Operators, limitations, truncation

  • There are several mathematical operators we can use, too:
    • + for addition
    • - for subtraction
    • * for multiplication
    • / for division
    • % for remainder
  • We’ll make a new program, addition.c:
    #include <cs50.h>
    #include <stdio.h>
    
    int main(void)
    {
        int x = get_int("x: ");
    
        int y = get_int("y: ");
    
        printf("%i\n", x + y);
    }
    
    • We’ll include header files for libraries we know we want to use, and then we’ll call get_int to get integers from the user, storing them in variables named x and y.
    • Then, in printf, we’ll print a placeholder for an integer, %i, followed by a new line. Since we want to print out the sum of x and y, we’ll pass in x + y for printf to substitute in the string.
    • We’ll save, run make addition in the terminal, and then ./addition to see our program working. If we type in something that’s not an integer, we’ll see get_int asking us for an integer again. If we type in a really big number, like 4000000000, get_int will prompt us again too. This is because, like on many computer systems, an int in CS50 IDE is 32 bits, which can only contain about four billion different values.

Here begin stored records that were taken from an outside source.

lemma smooth_diff: "smooth f \<Longrightarrow> smooth g \<Longrightarrow> smooth (\<lambda>x. f x - g x)"
  using smooth_add[of f "\<lambda>x. - 1 * g x"] smooth_mult[OF smooth_const, of g "- 1"] by simp

lemma smooth_power: "smooth f \<Longrightarrow> smooth (\<lambda>x. f x ^ n)"
  by (induction n) (auto intro: smooth_mult smooth_const)

lemma differentiable_n_times_compose:
  "smooth f \<Longrightarrow> smooth g \<Longrightarrow> differentiable_n_times k (\<lambda>x. f (g x))"
proof (induction k arbitrary: f)
  case (Suc k)
  have "deriv (\<lambda>x. f (g x)) = (\<lambda>x. deriv f (g x) * deriv g x)"
    using Suc.prems
    by (intro ext DERIV_imp_deriv DERIV_chain2[of f] deriv_has_real_derivative smooth_differentiable)
  moreover have "differentiable_n_times k (\<lambda>x. deriv f (g x) * deriv g x)"
    using Suc smooth_deriv smooth_def by (intro differentiable_n_times_mult) auto
  moreover have "(\<lambda>x. f (g x)) differentiable (at x)" for x
    using Suc.prems DERIV_chain2[OF deriv_has_real_derivative deriv_has_real_derivative]
      smooth_differentiable real_differentiable_def by blast
  ultimately show ?case by simp
qed auto

lemma smooth_compose: "smooth f \<Longrightarrow> smooth g \<Longrightarrow> smooth (\<lambda>x. f (g x))"
  by (simp add: smooth_def differentiable_n_times_compose)

lemma differentiable_n_times_inverse:
  "smooth f \<Longrightarrow> (\<And>x. f x \<noteq> 0) \<Longrightarrow> differentiable_n_times k (\<lambda>x. inverse (f x))"
proof (induction k)
  case (Suc k)
  have "deriv (\<lambda>x. inverse (f x)) = (\<lambda>x. - (inverse (f x) * deriv f x * inverse (f x)))"
    using Suc.prems
    by (intro ext DERIV_imp_deriv DERIV_inverse' deriv_has_real_derivative smooth_differentiable)
  moreover have "differentiable_n_times k (\<lambda>x. (- 1) * (inverse (f x) * deriv f x * inverse (f x)))"
    using Suc smooth_deriv smooth_def
    by (intro differentiable_n_times_mult differentiable_n_times_const) auto
  moreover have "(\<lambda>x. inverse (f x)) differentiable (at x)" for x
    using Suc.prems DERIV_inverse'[OF deriv_has_real_derivative] smooth_differentiable
      real_differentiable_def by blast
  ultimately show ?case by simp
qed auto

lemma smooth_inverse: "smooth f \<Longrightarrow> (\<And>x. f x \<noteq> 0) \<Longrightarrow> smooth (\<lambda>x. inverse (f x))"
  by (simp add: smooth_def differentiable_n_times_inverse)

lemma smooth_higher_deriv: "smooth f \<Longrightarrow> smooth ((deriv ^^ j) f)"
  by (induction j) (auto intro: smooth_deriv)

lemma smooth_higher_deriv_differentiable: "smooth f \<Longrightarrow> (deriv ^^ j) f differentiable (at x)"
  using smooth_higher_deriv smooth_differentiable by blast

lemma smooth_continuous_on_higher_deriv: "smooth f \<Longrightarrow> continuous_on S ((deriv ^^ j) f)"
  by (meson continuous_at_imp_continuous_on differentiable_imp_continuous_within
      smooth_higher_deriv_differentiable)

lemma higher_deriv_power:
  "(deriv ^^ p) (\<lambda>u::real. u ^ m) =
    (\<lambda>u. if p \<le> m then fact m / fact (m - p) * u ^ (m - p) else 0)"
proof (induction p)
  case (Suc p)
  show ?case
  proof (cases "p < m")
    case True
    have fact: "(fact (m - p) :: real) = real (m - p) * fact (m - Suc p)"
      using True by (metis Suc_diff_Suc fact_Suc of_nat_fact)
    have "(deriv ^^ Suc p) (\<lambda>u::real. u ^ m) = deriv (\<lambda>u. fact m / fact (m - p) * u ^ (m - p))"
      using Suc True by simp
    also have "\<dots> = (\<lambda>u. fact m / fact (m - p) * (real (m - p) * u ^ (m - p - Suc 0)))"
      by (intro ext DERIV_imp_deriv DERIV_cmult DERIV_pow)
    also have "\<dots> = (\<lambda>u. fact m / fact (m - Suc p) * u ^ (m - Suc p))"
      using True by (simp add: fact)
    finally show ?thesis using True by simp
  next
    case False
    then have "(deriv ^^ p) (\<lambda>u::real. u ^ m) = (\<lambda>u. if p = m then fact m else 0)"
      using Suc.IH by (auto simp: fun_eq_iff)
    moreover have "deriv (\<lambda>u::real. if p = m then fact m else 0) = (\<lambda>u. 0)"
      by (intro ext DERIV_imp_deriv DERIV_const)
    ultimately show ?thesis using False by simp
  qed
qed simp

section \<open>A flat function and cut-off monomials\<close>

definition flat_exp :: "real poly \<Rightarrow> real \<Rightarrow> real" where
  "flat_exp Q t = (if t > 0 then poly Q (inverse t) * exp (- inverse t) else 0)"

text \<open>For \<open>t > 0\<close> and \<open>s = 1/t\<close>: \<open>d/dt (Q(s) e\<^sup>-\<^sup>s) = s\<^sup>2 (Q - Q')(s) e\<^sup>-\<^sup>s\<close>.\<close>

definition flat_exp_deriv_poly :: "real poly \<Rightarrow> real poly" where
  "flat_exp_deriv_poly Q = [:0, 0, 1:] * (Q - pderiv Q)"

lemma tendsto_poly_inverse_exp_0:
  "((\<lambda>t. poly Q (inverse t) * exp (- inverse t)) \<longlongrightarrow> 0) (at_right (0::real))"
proof -
  have eq: "poly Q s * exp (- s) = (\<Sum>i\<le>degree Q. coeff Q i * (s ^ i / exp s))" for s :: real
    by (simp add: poly_altdef sum_distrib_right exp_minus divide_inverse mult.assoc)
  have "((\<lambda>s. \<Sum>i\<le>degree Q. coeff Q i * (s ^ i / exp s)) \<longlongrightarrow> (\<Sum>i\<le>degree Q. coeff Q i * 0)) at_top"
    by (intro tendsto_sum tendsto_mult tendsto_const tendsto_power_div_exp_0)
  then have "((\<lambda>s. poly Q s * exp (- s)) \<longlongrightarrow> 0) at_top" by (simp add: eq)
  from filterlim_compose[OF this filterlim_inverse_at_top_right] show ?thesis by (simp add: o_def)
qed

lemma flat_exp_has_deriv_pos:
  assumes "t > 0"
  shows "(flat_exp Q has_real_derivative flat_exp (flat_exp_deriv_poly Q) t) (at t)"
proof -
  have d1: "((\<lambda>t. poly Q (inverse t)) has_real_derivative
      poly (pderiv Q) (inverse t) * (- (inverse t ^ Suc (Suc 0)))) (at t)"
    by (rule DERIV_chain2[OF poly_DERIV DERIV_inverse]) (use assms in auto)
  have d2: "((\<lambda>t. exp (- inverse t)) has_real_derivative
      exp (- inverse t) * (- (- (inverse t ^ Suc (Suc 0))))) (at t)"
    by (rule DERIV_chain2[OF DERIV_exp DERIV_minus[OF DERIV_inverse]]) (use assms in auto)
  have d3: "((\<lambda>t. poly Q (inverse t) * exp (- inverse t)) has_real_derivative
      flat_exp (flat_exp_deriv_poly Q) t) (at t)"
    using DERIV_mult'[OF d1 d2] assms
    by (simp add: flat_exp_def flat_exp_deriv_poly_def poly_diff algebra_simps power2_eq_square)
  have "eventually (\<lambda>x. flat_exp Q x = poly Q (inverse x) * exp (- inverse x)) (nhds t)"
    using eventually_nhds_in_open[of "{0<..}" t] assms
    by (auto simp: flat_exp_def elim!: eventually_mono)
  from DERIV_cong_ev[OF refl this refl] d3 show ?thesis by blast
qed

And since integers can be positive or negative, the highest positive value for an int can only be about two billion, with a lowest negative value of about negative two billion, for a total of about four billion total values.
  • We can change our program to use the long type:
    #include <cs50.h>
    #include <stdio.h>
    
    int main(void)
    {
        long x = get_long("x: ");
    
        long y = get_long("y: ");
    
        printf("%li\n", x + y);
    }
    
    • Now we can type in bigger integers, and see a correct result as expected.
  • Whenever we get an error while compiling, it’s a good idea to scroll up to the top to see the first error and fix that first, since sometimes a mistake early in the program will lead to the rest of the program being interpreted with errors as well.
  • Let’s look at another example, truncation.c:
    #include <cs50.h>
    #include <stdio.h>
    
    int main(void)
    {
        // Get numbers from user
        int x = get_int("x: ");
        int y = get_int("y: ");
    
        // Divide x by y
        float z = x / y;
        printf("%f\n", z);
    }
    
    • We’ll store the result of x divided by y in z, a floating-point value, or real number, and print it out as a float too.
    • But when we compile and run our program, we see z printed out as whole numbers like 0.000000 or 1.000000. It turns out that, in our code, x / y is divided as two integers first, so the result given back by the division operation is an integer as well. The result is truncated, with the value after the decimal point lost. Even though z is a float, the value we’re storing in it is already an integer.
    • To fix this, we cast, or convert, our integers to floats before we divide them:
      float z = (float) x / (float) y;
      
    • The result will be a float as we expect, and in fact we can cast only one of x or y and get a float as well.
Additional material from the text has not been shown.